Иван оказался красивым и умным парнем, с которым можно было беседовать на любые темы. Он много шутил, смеялся. Но большое горе уже подбиралось к их семье, и случится оно с Валей…

Детская дружба сродни любви. Это необъяснимое тайное чувство к старшей сестрёнке сохранится в её сердце на всю жизнь.




Собственный дом


Даже шалаш может стать крепостью, если он свой.

    (Вальен Т.)

Вернёмся в конец пятидесятых годов. Жить всем миром у бабушки становилось всё труднее, а свободного жилья не находилось. В деревне было около ста дворов, если умирали старики, то их дома заселялись женатыми детьми, и редко кто продавал всё и уезжал. Наконец, им повезло. Семья Евгена решила уехать на Украину и продавала свою избушку с сараем. Их двор был крайним в тупичке из трёх домов, расположенном дальше от реки и ближе к полям, но близко от бабушки. На покупку этого домика были потрачены все деньги, оставшиеся после Китая. Пришёл конец бабушкиной тирании.

Почему она так невзлюбила маму? Потому что думала, что сын женится на большой и полной женщине, символе благополучия, способной для работы на земле, а он привёз с собой маленькую хрупкую женщину, которую едва ли не на руках носил. Кроме этого, ещё и голову помогал мыть над тазиком! Китайский тазик нежного светло-зелёного цвета с красными розами Ина помнит до сих пор.

– Теперь всё изменится, – радовалась мама.

– И у нас будет туалет? – спрашивала её Ина.

Ей было невыносимо справлять нужду за бабушкиным сараем, где всё было загажено и вокруг противно жужжали огромные зелёные мухи. Так было почти у всех. Обычно позади сарая (за пуней) рыли яму и клали поперёк неё доску, но яма неожиданно быстро заполнялась. Молодой дядя Миша и папа не спешили рыть новую яму, и только зимой, когда наступало много свободного времени, дядя убрал замёрзший слой загаженной земли и сказал:

– Надо убрать, а то весна покажет, кто где срал и чем задницу подтирал, – намекая на Митю, сгинувшего по туалетной причине в Сибири.
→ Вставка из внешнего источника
(* Let $Z$ be a compact, arcwise connected, approximately self-similar metric space with a $\kappa$-approximation $\{G_k\}_{k\in\mathbb N}$. For $d_0>0$ let $\mathcal F_0$ be the family of curves $\gamma\subset Z$ with $\mathrm{diam}(\gamma)\ge d_0$. Then, for $d_0$ sufficiently small (compared to $\mathrm{diam}Z$ and to the self-similarity constant $L_0$), for every $p\ge1$ there is a constant $C>0$ such that, writing $M_k=\mathrm{Mod}_p(\mathcal F_0,G_k)$, one has $M_{k+\ell}\le C\,M_k\,M_\ell$ for all $k,\ell\in\mathbb N$. Moreover, when $p$ ranges over a compact subset of $[1,\infty)$, $C$ may be chosen independent of $p$.
   Context: A compact metric space $(Z,d)$ is approximately self-similar if there is $L_0\ge1$ such that for every ball $B(z,r)\subset Z$ with $0<r\le\mathrm{diam}Z$ there is an open subset $U\subset Z$ which is $L_0$-bi-Lipschitz homeomorphic to the rescaled ball $(B(z,r),\frac1r d)$. Combinatorial modulus: for a compact metric space $Z$, $\kappa\ge1$, $k\in\mathbb N$, a finite graph $G_k$ is a $\kappa$-approximation of $Z$ on scale $k$ if it is the incidence graph of a finite covering of $Z$ (vertices identified with covering sets; distinct vertices adjacent iff they intersect) such that each vertex $v$ has $z_v$ with $B(z_v,\kappa^{-1}2^{-k})\subset v\subset B(z_v,\kappa2^{-k})$ and the balls $B(z_v,\kappa^{-1}2^{-k})$ are pairwise disjoint for distinct vertices; $\{G_k\}$ is a $\kappa$-approximation if each $G_k$ is one on scale $k$. For $\rho:G_k^0\to\mathbb R_+$, $L_\rho(\gamma)=\sum_{v\cap\gamma\ne\emptyset}\rho(v)$, $M_p(\rho)=\sum_v\rho(v)^p$; $\mathrm{Mod}_p(\mathcal F,G_k)=\inf M_p(\rho)$ over $\rho$ with $L_\rho(\gamma)\ge1$ for all $\gamma\in\mathcal F$. *)

theory Defs
  imports "HOL-Analysis.Analysis"
begin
Скоро его заберут в армию. Отец с семьёй переедет в свой дом и ему, волей-неволей, надо будет самому заниматься проблемой отхожего места.

– Мама, у нас будет свой туалет? – снова и снова спрашивала Ина маму.

– Не знаю, дочка. Нет ни досок, ни денег на них.

Уже в десятом классе Ина недоумевала, почему колхозник не мог выписать или купить не только доски, но даже горбыль, если всё вокруг колхозное, всё кругом моё, как пели в песне? Кругом леса, но срубить дерево не моги! С огромным трудом огораживали двор со стороны улицы забором, а участок земли при доме отделяли от соседей жердями, привязанными к кольям. Даже эти жерди приходилось тайком рубить в лесу и привозить домой.

Отец все же соорудил отхожее место из деревянного каркаса и ивовых прутьев. Летом он был красив, а зимой никак не спасал от холода и ветра. Первый настоящий туалет-домик с сидением сделал её муж через полтора десятка лет.

– Это не туалет, а памятник! – говорили гости, пришедшие к ним.

– К нему не зарастёт народная тропа, – все ещё острил постаревший дядя Миша, самый прикольный из всех братьев.

Мама две недели вычищала купленную у Евгена «авгиеву конюшню». На полу лежал такой слой земли, что приходилось скоблить его лопатой, складывать в корзины и выносить на огород. Казалось, что до досок они не доскребутся никогда.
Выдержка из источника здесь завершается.